= Edward Summers =

American community activist

Edward Summers is the Vice President for Administrative Affairs at Anaheim University and a Higher Education & Nonprofit Consultant .

==Early life==
Summers was born in Bronx, New York. He received his bachelor's degree in political science and Masters degree in Public Administration from Marist College. He holds a M.Phil and Ph.D. in Urban and Public Policy from The New School.

==Career==
Summers started his professional career as the Assistant to the President and Presidential Fellow of Marist College serving for more than seven years. At Marist, Summers was charged with staffing President Dennis J. Murray for internal and external events. During his tenure, Summers engaged with institutional strategy, advancing diversity and inclusion, teaching, and community development programs. He taught undergraduate political science and graduate level public administration. Summers is noted for his work on building Marist Africa program, a service learning experience to South Africa and Ghana among other accomplishments.

In 2011, Summers was selected as Chief of Staff to the President of Union College. Summers spent three years working alongside President Stephen C. Ainlay as chief deputy advancing institutional priorities. Summers also served as the Director of the Kelly Adirondack Research Center.

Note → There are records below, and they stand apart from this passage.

lemma sandwich_preimage_vertex_finite:
  "finite {z. m (m (Some ([], u, w)) z) (Some (v, [], w)) = Some ([], [], w)}"
proof (rule finite_subset)
  \<comment> \<open>u^-1 z v = r(u) forces z = u' v'^-1 with u = u' x and v = v' x, so z is determined
    by the length of u'.\<close>
  let ?split = "\<lambda>i. Some (take i u, take (length v - (length u - i)) v, pstart sr w (drop i u))"
  show "finite (?split ` {..length u})"
    by simp
  show "{z. m (m (Some ([], u, w)) z) (Some (v, [], w)) = Some ([], [], w)} \<subseteq> ?split ` {..length u}"
  proof clarify
    fix z
    assume z: "m (m (Some ([], u, w)) z) (Some (v, [], w)) = Some ([], [], w)"
    then obtain p q w' where zs: "z = Some (p, q, w')"
      by (cases z) auto
    show "z \<in> ?split ` {..length u}"
    proof (cases "\<exists>r. p = u @ r \<and> pstart sr w' r = w")
      case True
      then obtain r where r: "p = u @ r" "pstart sr w' r = w"
        by blast
      then have "m (Some ([], u, w)) z = Some (r, q, w')"
        using zs by (auto simp: gis_mult_def)
      then have "r = [] \<and> q = v \<and> w' = w"
        using z by (auto simp: gis_mult_def pstart_def split: if_splits)
      then show ?thesis
        using r zs by (intro image_eqI[where x="length u"]) (auto simp: pstart_def)
    next
      case False
      then obtain r where r: "u = p @ r" "pstart sr w r = w'"
        using z zs by (auto simp: gis_mult_def split: if_splits)
      then have "m (Some ([], u, w)) z = Some ([], q @ r, w)"
        using zs False by (auto simp: gis_mult_def pstart_def)
      then have "q @ r = v"
        using z by (auto simp: gis_mult_def pstart_def split: if_splits)
      then show ?thesis
        using r zs by (intro image_eqI[where x="length p"]) auto
    qed
  qed
qed

end

section \<open>Hausdorff semigroup topologies are discrete away from zero\<close>

locale gis_semigroup_topology = acyclic_graph V Ed sr rg
  for V :: "'v set" and Ed :: "'e set" and sr rg :: "'e \<Rightarrow> 'v" +
  fixes \<tau> :: "('v, 'e) gis topology"
  assumes carrier: "topspace \<tau> = gis_carrier V Ed sr rg"
    and Hausdorff: "Hausdorff_space \<tau>"
    and semigroup: "topological_semigroup \<tau> (gis_mult sr)"
begin

lemma t1: "t1_space \<tau>"
  using Hausdorff by (rule Hausdorff_imp_t1_space)

lemma vertex_nbhd_path_idempotents:
  assumes "w \<in> V"
  obtains N where "openin \<tau> N" "Some ([], [], w) \<in> N"
    "\<And>a b. a \<in> N \<Longrightarrow> b \<in> N \<Longrightarrow> m a b \<noteq> None"
    "\<And>y. y \<in> N \<Longrightarrow> y \<noteq> Some ([], [], w) \<Longrightarrow>
       \<exists>p w'. y = Some (p, p, w') \<and> gpath V Ed sr rg p w' \<and> p \<noteq> [] \<and> sr (hd p) = w"
proof -
  have w_top: "Some ([], [], w) \<in> topspace \<tau>"
    using assms carrier by simp
  obtain N where N: "openin \<tau> N" "Some ([], [], w) \<in> N"
    and nonzero: "\<And>a b. a \<in> N \<Longrightarrow> b \<in> N \<Longrightarrow> m a b \<noteq> None"
    using products_avoid_nbhd[OF t1 semigroup w_top, of None] carrier path_idempotent[of "[]" w]
    by auto
  have "\<exists>p w'. y = Some (p, p, w') \<and> gpath V Ed sr rg p w' \<and> p \<noteq> [] \<and> sr (hd p) = w"
    if "y \<in> N" "y \<noteq> Some ([], [], w)" for y
  proof -
    have "y \<in> G"
      using N(1) that(1) openin_subset carrier by blast
    then show ?thesis
      using nonzero_square_and_vertex_product[of y w] that nonzero N(2) by metis
  qed
  then show thesis
    using that N nonzero by blast
qed
text \<open>The coefficient \<open>excess_coeff u j d\<close> is a uniform limit of difference quotients of \<open>S\<close>.\<close>

lemma excess_coeff_continuous: "continuous_on (LL a0) (\<lambda>u. excess_coeff u j d)"
proof (rule uniform_limit_theorem)
  define N where "N = d + weight a0 j"
  define t :: "nat \<Rightarrow> complex" where "t n = of_real (1 / (real n + 4))" for n
  have t: "cmod (t n) = 1 / (real n + 4)" "t n \<noteq> 0" for n
    unfolding t_def norm_of_real of_real_eq_0_iff by simp_all
  define q where "q n u = (slice u j (t n) - t n^weight a0 j * u$j) / t n^N" for n u
  show "\<forall>\<^sub>F n in sequentially. continuous_on (LL a0) (q n)"
  proof (intro always_eventually allI)
    fix n
    have "wscale a0 (t n) ` LL a0 \<subseteq> LL a0" using t(1)[of n] by (auto intro: wscale_in_LL)
    from continuous_on_compose2[OF holo_on_imp_continuous_on[OF holo]
        linear_continuous_on[OF bounded_linear_wscale] this]
    have "continuous_on (LL a0) (\<lambda>u. S (wscale a0 (t n) u))" .
    then show "continuous_on (LL a0) (q n)"
      unfolding q_def slice_def using t(2)[of n] by (intro continuous_intros) auto
  qed
  show "uniform_limit (LL a0) q (\<lambda>u. excess_coeff u j d) sequentially"
  proof (rule uniform_limitI)
    fix e :: real assume e: "e > 0"
    obtain n0 :: nat where n0: "2^(N + 2) / e < real n0" using reals_Archimedean2 by blast
    show "\<forall>\<^sub>F n in sequentially. \<forall>u\<in>LL a0. dist (q n u) (excess_coeff u j d) < e"
    proof (rule eventually_sequentiallyI[of n0], intro ballI)
      fix n u assume n: "n0 \<le> n" and u: "u \<in> LL a0"
      have "q n u - excess_coeff u j d
          = (slice u j (t n) - t n^weight a0 j * u$j - t n^N * excess_coeff u j d) / t n^N"
        unfolding q_def using t(2)[of n] by (simp add: field_simps)
      then have "dist (q n u) (excess_coeff u j d) \<le> 2^(N + 2) * cmod (t n)"
        using slice_remainder_bound[OF u, of "t n" j] t[of n]
        by (simp add: dist_norm norm_divide norm_power N_def pos_divide_le_eq)
      also have "\<dots> < e"
      proof -
        have "2^(N + 2) < e * real n0" using n0 e by (simp add: field_simps)
        also have "\<dots> \<le> e * (real n + 4)" using n e by (intro mult_left_mono) auto
        finally show ?thesis unfolding t(1) by (simp add: field_simps)
      qed
      finally show "dist (q n u) (excess_coeff u j d) < e" .
    qed
  qed
qed simp

lemma slice_remainder_tendsto:
  assumes in_LL: "eventually (\<lambda>\<zeta>. u \<zeta> \<in> LL a0) (at 0)"
  shows "((\<lambda>\<zeta>. (slice (u \<zeta>) j \<zeta> - \<zeta>^weight a0 j * u \<zeta> $ j
      - \<zeta>^(d + weight a0 j) * excess_coeff (u \<zeta>) j d) / \<zeta>^(d + weight a0 j)) \<longlongrightarrow> 0) (at 0)"
proof (rule Lim_null_comparison)
  define N where "N = d + weight a0 j"
  show "((\<lambda>\<zeta>. 2^(N + 2) * cmod \<zeta>) \<longlongrightarrow> 0) (at 0)" by (auto intro!: tendsto_eq_intros)
  have "eventually (\<lambda>\<zeta>. \<zeta> \<noteq> 0 \<and> cmod \<zeta> \<le> 1/4) (at 0)"
    by (rule eventually_at_0I[of "1/4"]) auto
  with in_LL show "eventually (\<lambda>\<zeta>. norm ((slice (u \<zeta>) j \<zeta> - \<zeta>^weight a0 j * u \<zeta> $ j
      - \<zeta>^(d + weight a0 j) * excess_coeff (u \<zeta>) j d) / \<zeta>^(d + weight a0 j)) \<le> 2^(N + 2) * cmod \<zeta>) (at 0)"
  proof eventually_elim
    case (elim \<zeta>)
    then show ?case using slice_remainder_bound[of "u \<zeta>" \<zeta> j] unfolding N_def
      by (simp add: norm_divide norm_power pos_divide_le_eq)
  qed
qed

lemma rescaled_funpow_tendsto:
  assumes expansion_k: "\<And>i. ((\<lambda>\<zeta>. ((S^^k) (wscale a0 \<zeta> w) $ i - \<zeta>^weight a0 i * w$i
      - of_nat k * \<zeta>^(d + weight a0 i) * excess_coeff w i d) / \<zeta>^(d + weight a0 i)) \<longlongrightarrow> 0) (at 0)"
  shows "((\<lambda>\<zeta>. wscale a0 (inverse \<zeta>) ((S^^k) (wscale a0 \<zeta> w))) \<longlongrightarrow> w) (at 0)"
proof (rule vec_tendstoI)
  fix i
  define Q where "Q \<zeta> = ((S^^k) (wscale a0 \<zeta> w) $ i - \<zeta>^weight a0 i * w$i
      - of_nat k * \<zeta>^(d + weight a0 i) * excess_coeff w i d) / \<zeta>^(d + weight a0 i)" for \<zeta>
  have "((\<lambda>\<zeta>. w$i + \<zeta>^d * (of_nat k * excess_coeff w i d + Q \<zeta>))
      \<longlongrightarrow> w$i + 0^d * (of_nat k * excess_coeff w i d + 0)) (at 0)"
    unfolding Q_def by (intro tendsto_intros expansion_k)
  moreover have "(0::complex)^d = 0" using d_pos by (simp add: power_0_left)
  ultimately have "((\<lambda>\<zeta>. w$i + \<zeta>^d * (of_nat k * excess_coeff w i d + Q \<zeta>)) \<longlongrightarrow> w$i) (at 0)"
    by simp
  moreover have "eventually (\<lambda>\<zeta>. w$i + \<zeta>^d * (of_nat k * excess_coeff w i d + Q \<zeta>)
      = wscale a0 (inverse \<zeta>) ((S^^k) (wscale a0 \<zeta> w)) $ i) (at 0)"
    by (rule eventually_at_0I[of 1]) (auto simp: Q_def field_simps power_add)
  ultimately show "((\<lambda>\<zeta>. wscale a0 (inverse \<zeta>) ((S^^k) (wscale a0 \<zeta> w)) $ i) \<longlongrightarrow> w $ i) (at 0)"
    by (rule Lim_transform_eventually)
qed
section \<open>Parts congruent to r modulo t\<close>

definition counted_parts :: "nat \<Rightarrow> nat \<Rightarrow> nat \<Rightarrow> nat set" where
  "counted_parts k r t = {m \<in> indivisible_parts k. [m = r] (mod t)}"

lemma Dx_eq_convolution:
  "Dx k r t n = (\<Sum>l\<le>n. card {m \<in> counted_parts k r t. m dvd l \<and> l \<noteq> 0}
                            * card (parts_in (indivisible_parts k) (n - l)))"
proof -
  have "{M \<in> partitions n. k_indivisible k M} = parts_in (indivisible_parts k) n"
    by (auto simp: partitions_def k_indivisible_def parts_in_def indivisible_parts_def)
  moreover have "filter_mset (\<lambda>x. [x = r] (mod t)) M = filter_mset (\<lambda>x. x \<in> counted_parts k r t) M"
    if "M \<in> parts_in (indivisible_parts k) n" for M
    using that by (intro filter_mset_cong0) (auto simp: parts_in_def counted_parts_def)
  ultimately have "Dx k r t n = (\<Sum>M\<in>parts_in (indivisible_parts k) n.
                                   size (filter_mset (\<lambda>x. x \<in> counted_parts k r t) M))"
    unfolding Dx_def by (auto intro!: sum.cong)
  also have "\<dots> = (\<Sum>l\<le>n. card {m \<in> counted_parts k r t. m dvd l \<and> l \<noteq> 0}
                            * card (parts_in (indivisible_parts k) (n - l)))"
    by (rule sum_size_filter_parts_in) (auto simp: indivisible_parts_def counted_parts_def)
  finally show ?thesis .
qed

lemma Dx_sums:
  fixes q :: complex
  assumes q: "norm q < 1" and "0 < k"
  shows "(\<lambda>n. of_nat (Dx k r t n) * q ^ n) sums
           (qpoch_inf (q ^ k) (q ^ k) / qpoch_inf q q *
            (\<Sum>m. if m \<in> counted_parts k r t then q ^ m / (1 - q ^ m) else 0))"
proof -
  define c where "c l = card {m \<in> counted_parts k r t. m dvd l \<and> l \<noteq> 0}" for l
  define p where "p n = card (parts_in (indivisible_parts k) n)" for n
  have zero: "0 \<notin> indivisible_parts k" "0 \<notin> counted_parts k r t"
    by (simp_all add: indivisible_parts_def counted_parts_def)
  have p: "summable (\<lambda>n. norm (of_nat (p n) * q ^ n))"
    "(\<lambda>n. of_nat (p n) * q ^ n) sums (qpoch_inf (q ^ k) (q ^ k) / qpoch_inf q q)"
    unfolding p_def
    by (rule summable_norm_parts_in[OF zero(1) q],
        rule parts_in_sums[OF zero(1) q prod_indivisible_LIMSEQ[OF assms]])
  have c: "summable (\<lambda>l. norm (of_nat (c l) * q ^ l))"
    "(\<lambda>l. of_nat (c l) * q ^ l)
       sums (\<Sum>m. if m \<in> counted_parts k r t then q ^ m / (1 - q ^ m) else 0)"
    unfolding c_def
    by (rule summable_norm_lambert_series[OF q zero(2)], rule lambert_series_sums[OF q zero(2)])
  have "(\<Sum>i\<le>n. (of_nat (c i) * q ^ i) * (of_nat (p (n - i)) * q ^ (n - i)))
          = of_nat (Dx k r t n) * q ^ n" for n
    unfolding sum_power_convolution[where a = "\<lambda>i. of_nat (c i)" and b = "\<lambda>i. of_nat (p i)"]
    by (simp add: Dx_eq_convolution c_def p_def)
  then show ?thesis
    using Cauchy_product_sums[OF c(1) p(1)] c(2) p(2) by (simp add: sums_iff mult.commute)
qed
definition CM_D :: "nat \<Rightarrow> real \<Rightarrow> (nat \<Rightarrow> real) \<Rightarrow> (nat \<Rightarrow> real) \<Rightarrow> complex \<Rightarrow> complex" where
  "CM_D n g q p z = mtrace (CM_Q n q * adj_mat (z \<cdot>\<^sub>m 1\<^sub>m n - CM_L n g q p))"

end

theory Submission
  imports Defs "Jordan_Normal_Form.Char_Poly"
begin

text \<open>
  Work over \<open>\<complex>[z]\<close> with \<open>M = z \<cdot> 1 - L\<close>, \<open>Ad = adj M\<close>, \<open>a = det M\<close> and
  \<open>K = J - 1\<close>, where \<open>J\<close> is the all-ones matrix. The Calogero--Moser relation
  \<open>Q L - L Q = \<i> g K\<close> gives \<open>Q M - M Q = c K\<close> with \<open>c = - \<i> g\<close>. Since \<open>Ad\<close> commutes
  with \<open>M\<close> and \<open>Ad M = a \<cdot> 1\<close>, cyclicity of the trace yields \<open>tr (Ad K) = tr (Ad K Ad) = 0\<close>
  and \<open>2 a tr (Q Ad K) = - c tr (Ad K Ad K)\<close>. As \<open>J\<close> has rank one, the last trace is
  \<open>(tr Ad)\<^sup>2 - tr (Ad\<^sup>2)\<close>, which equals \<open>a a''\<close> by Jacobi's formula \<open>a' = tr Ad\<close>
  differentiated once more. Cancelling the monic \<open>a\<close> gives \<open>2 tr (Q Ad K) = \<i> g a''\<close>, and
  evaluating at \<open>z\<close> turns \<open>tr (Q Ad K)\<close> into \<open>C(z) - D(z)\<close>. For \<open>g = 0\<close> the trace
  identities are empty; then \<open>Ad\<close> commutes with \<open>Q\<close>, whose diagonal entries are distinct, so
  \<open>Ad\<close> is diagonal and \<open>tr (Q Ad K) = 0\<close>.
\<close>

section \<open>Traces\<close>

lemma mtrace_add:
  assumes "A \<in> carrier_mat n n" "B \<in> carrier_mat n n"
  shows "mtrace (A + B) = mtrace A + mtrace B"
  using assms unfolding mtrace_def by (simp add: sum.distrib)

lemma mtrace_diff:
  assumes "A \<in> carrier_mat n n" "B \<in> carrier_mat n n"
  shows "mtrace (A - B) = mtrace A - mtrace B"
  using assms unfolding mtrace_def by (simp add: sum_subtractf)

lemma mtrace_smult:
  assumes "A \<in> carrier_mat n n"
  shows "mtrace (k \<cdot>\<^sub>m A) = k * mtrace A"
  using assms unfolding mtrace_def by (simp add: sum_distrib_left)

lemma mtrace_mult:
  assumes "A \<in> carrier_mat n m" "B \<in> carrier_mat m n"
  shows "mtrace (A * B) = (\<Sum>i<n. \<Sum>k<m. A $$ (i,k) * B $$ (k,i))"
  using assms unfolding mtrace_def by (auto simp: scalar_prod_def atLeast0LessThan intro!: sum.cong)

lemma mtrace_mult_comm:
  assumes "A \<in> carrier_mat n m" "B \<in> carrier_mat m n"
  shows "mtrace (A * B) = mtrace (B * A)"
  using assms by (simp add: mtrace_mult sum.swap[where A = "{..<n}"] mult.commute)

lemma smult_one_mult_mat [simp]:
  fixes A :: "'a::comm_ring_1 mat"
  shows "dim_row A = n \<Longrightarrow> (a \<cdot>\<^sub>m 1\<^sub>m n) * A = a \<cdot>\<^sub>m A"
  using mult_smult_assoc_mat[of "1\<^sub>m n" n n A "dim_col A" a] by auto

lemma mult_smult_one_mat [simp]:
  fixes A :: "'a::comm_ring_1 mat"
  shows "dim_col A = n \<Longrightarrow> A * (a \<cdot>\<^sub>m 1\<^sub>m n) = a \<cdot>\<^sub>m A"
  using mult_smult_distrib[of A "dim_row A" n "1\<^sub>m n" n a] by auto

lemma mult_minus_one_mat:
  fixes A :: "'a::comm_ring_1 mat"
  assumes "A \<in> carrier_mat m n" "B \<in> carrier_mat n n"
  shows "A * (B - 1\<^sub>m n) = A * B - A"
  using assms by (simp add: mult_minus_distrib_mat[of A m n B n] right_mult_one_mat)

lemma mult_all_ones_index:
  fixes X :: "'a::comm_ring_1 mat"
  assumes "X \<in> carrier_mat n n" "i < n" "j < n"
  shows "(X * mat n n (\<lambda>_. 1)) $$ (i,j) = (\<Sum>k<n. X $$ (i,k))"
  using assms by (auto simp: scalar_prod_def atLeast0LessThan intro!: sum.cong)

lemma mtrace_mult_all_ones:
  fixes X :: "'a::comm_ring_1 mat"
  assumes "X \<in> carrier_mat n n"
  shows "mtrace (X * mat n n (\<lambda>_. 1)) = (\<Sum>i<n. \<Sum>k<n. X $$ (i,k))"
  using assms mult_all_ones_index[OF assms] unfolding mtrace_def
  by (auto intro!: sum.cong simp del: index_mult_mat(1))

text \<open>All rows of \<open>X * J\<close> are constant, so \<open>X * J\<close> has rank at most one.\<close>
lemma mtrace_mult_all_ones_square:
  assumes X: "X \<in> carrier_mat n n" and Y: "Y \<in> carrier_mat n n"
  shows "mtrace (X * mat n n (\<lambda>_. 1) * (Y * mat n n (\<lambda>_. 1)))
     = mtrace (X * mat n n (\<lambda>_. 1)) * mtrace (Y * mat n n (\<lambda>_. 1))"
proof -
  let ?J = "mat n n (\<lambda>_. 1)"
  have "mtrace (X * ?J * (Y * ?J)) = (\<Sum>i<n. \<Sum>k<n. (X * ?J) $$ (i,k) * (Y * ?J) $$ (k,i))"
    using X Y by (intro mtrace_mult) auto
  also have "\<dots> = (\<Sum>i<n. \<Sum>k<n. (\<Sum>l<n. X $$ (i,l)) * (\<Sum>l<n. Y $$ (k,l)))"
    using X Y by (simp add: mult_all_ones_index del: index_mult_mat)
  also have "\<dots> = (\<Sum>i<n. \<Sum>l<n. X $$ (i,l)) * (\<Sum>k<n. \<Sum>l<n. Y $$ (k,l))"
    by (rule sum_product[symmetric])
  finally show ?thesis using X Y by (simp only: mtrace_mult_all_ones)
qed
lemma rank_image: "finite A \<Longrightarrow> rank A ` A = {1..card A}"
proof -
  assume A: "finite A"
  have "rank A ` A \<subseteq> {1..card A}"
    using rank_le_card[OF A] by (auto simp: rank_def)
  moreover have "card (rank A ` A) = card A"
    using card_image[OF inj_on_rank[OF A]] .
  ultimately show ?thesis
    by (intro card_subset_eq) auto
qed

lemma rank_Suc:
  assumes "finite A" "a \<in> A" "Suc a \<in> A"
  shows "rank A (Suc a) = Suc (rank A a)"
proof -
  have "{y \<in> A. y < Suc a} = insert a {y \<in> A. y < a}"
    using assms by auto
  then show ?thesis
    using assms(1) by (simp add: rank_def)
qed

lemma rank_image_strict_mono:
  assumes "strict_mono_on A f" "finite A" "x \<in> A"
  shows "rank (f ` A) (f x) = rank A x"
proof -
  have "inj_on f A"
    using assms(1) strict_mono_on_imp_inj_on by blast
  moreover have "{z \<in> f ` A. z < f x} = f ` {z \<in> A. z < x}"
  proof (intro equalityI subsetI)
    fix z assume "z \<in> {z \<in> f ` A. z < f x}"
    then obtain y where y: "y \<in> A" "z = f y" "f y < f x"
      by blast
    then have "y < x"
      using assms(1,3) by (metis linorder_neqE_nat not_less_iff_gr_or_eq strict_mono_onD)
    then show "z \<in> f ` {z \<in> A. z < x}"
      using y by blast
  qed (use assms(1,3) strict_mono_onD in blast)
  ultimately show ?thesis
    by (simp add: rank_def card_image inj_on_subset)
qed

lemma set_pack: "set (pack a) = {1..card (set a)}"
  by (simp add: pack_eq_map_rank rank_image)

lemma card_set_pack: "card (set (pack a)) = card (set a)"
  by (simp add: set_pack)

lemma packed_pack: "packed (pack a)"
  by (simp add: packed_def set_pack)

lemma pack_map_strict_mono: "strict_mono_on (set a) f \<Longrightarrow> pack (map f a) = pack a"
  by (simp add: pack_eq_map_rank rank_image_strict_mono)

lemma pack_packed: "packed a \<Longrightarrow> pack a = a"
proof -
  assume "packed a"
  then obtain c where c: "set a = {1..c}"
    by (auto simp: packed_def)
  have "rank (set a) x = x" if "x \<in> set a" for x
  proof -
    have "{y \<in> {1..c}. y < x} = {1..<x}"
      using that c by auto
    then show ?thesis
      using that c by (simp add: rank_def)
  qed
  then show ?thesis
    by (simp add: pack_eq_map_rank map_idI)
qed

lemma stirling_pack: "stirling (pack a) \<longleftrightarrow> stirling a"
  unfolding pack_eq_map_rank
  by (rule stirling_map_strict_mono) (simp add: strict_mono_onI rank_strict_mono)

lemma GSP_pack: "GSP (pack a) \<longleftrightarrow> stirling a"
  by (simp add: GSP_iff_stirling_packed stirling_pack packed_pack)

lemma GSP_stirling: "GSP u \<Longrightarrow> stirling u"
  by (simp add: GSP_iff_stirling_packed)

In 2015, Summers became the Executive Director of the Brooklyn Education Innovation Network (BE.IN), a college and university consortium focused on building collaboration among higher education, industry, and government. Summers authored an economic development study that estimated that the Brooklyn higher education sector had an estimate $3 billion impact on the local economy.

In 2017, Summers became the Chief Strategy and Planning Officer of Long Island University. Summers also served as a Fellow for the Hornstein Center for Polling, Analysis, and Policy. He implemented text message polling at the Center.

In 2019, Summers was recruited to lead the Bronx Private Industry Council (Bronx PIC). During COVID, the Bronx PIC was actively engaged in food insecurity relief. Due to the impact of COVID-19 on local economies, Summers and his team dissolved the Bronx PIC and formed The Thinkubator. Summers served as CEO and President of The Thinkubator from 2019 - 2022.

In 2025, Dr.Summers was appointed Vice President for Administrative Affairs at Anaheim University . Dr. Summers is also a Mental Health Counselor with The Thinkubator Counseling serving Florida and is an active public intellectual publishing in higher education publications such as TheEduLedger. He has been instrumental in launching The Cadence Institute for Policy and Society

==Selected Awards and honors==
Zeta Psi 40 under 40

Marist College Young Alumnus Award

2004 - Marist College Alumni Leadership Award

== Selected Publications==
The Economic Development of Small Cities: Two Case Studies. ISBN 978-1-4955-1004-5

Summers, Edward (2021). Innovation in the 21st Century: Developing an HBCU Strategy for Survival! In Crosby, White, Khalid, Chanay, Marcus, and Hilton, Adriel, Imagining the Future Historically Black Colleges and Universities - A Matter of Survival. Scottsdale, Arizona. Information Age Publishing.

Summers, Edward (2016). Better Together: Making of the Brooklyn Education Innovation Network (BE.IN). In Moss M., Reed T., and Brooks Hopkins, K. (eds). The Brooklyn Way: Putting Together the Pieces of a 21st Century Downtown. Brooklyn, New York: Downtown Brooklyn Partnership.

Summers, Edward (2015). Continued Growth of Educational Institutions in Downtown
Became a Model for Urban Development. Brooklyn. In Moss M. (eds). Downtown New York, New York: NYU Rising: How Brooklyn Wagner Rudin Center for Transportation Policy and Management.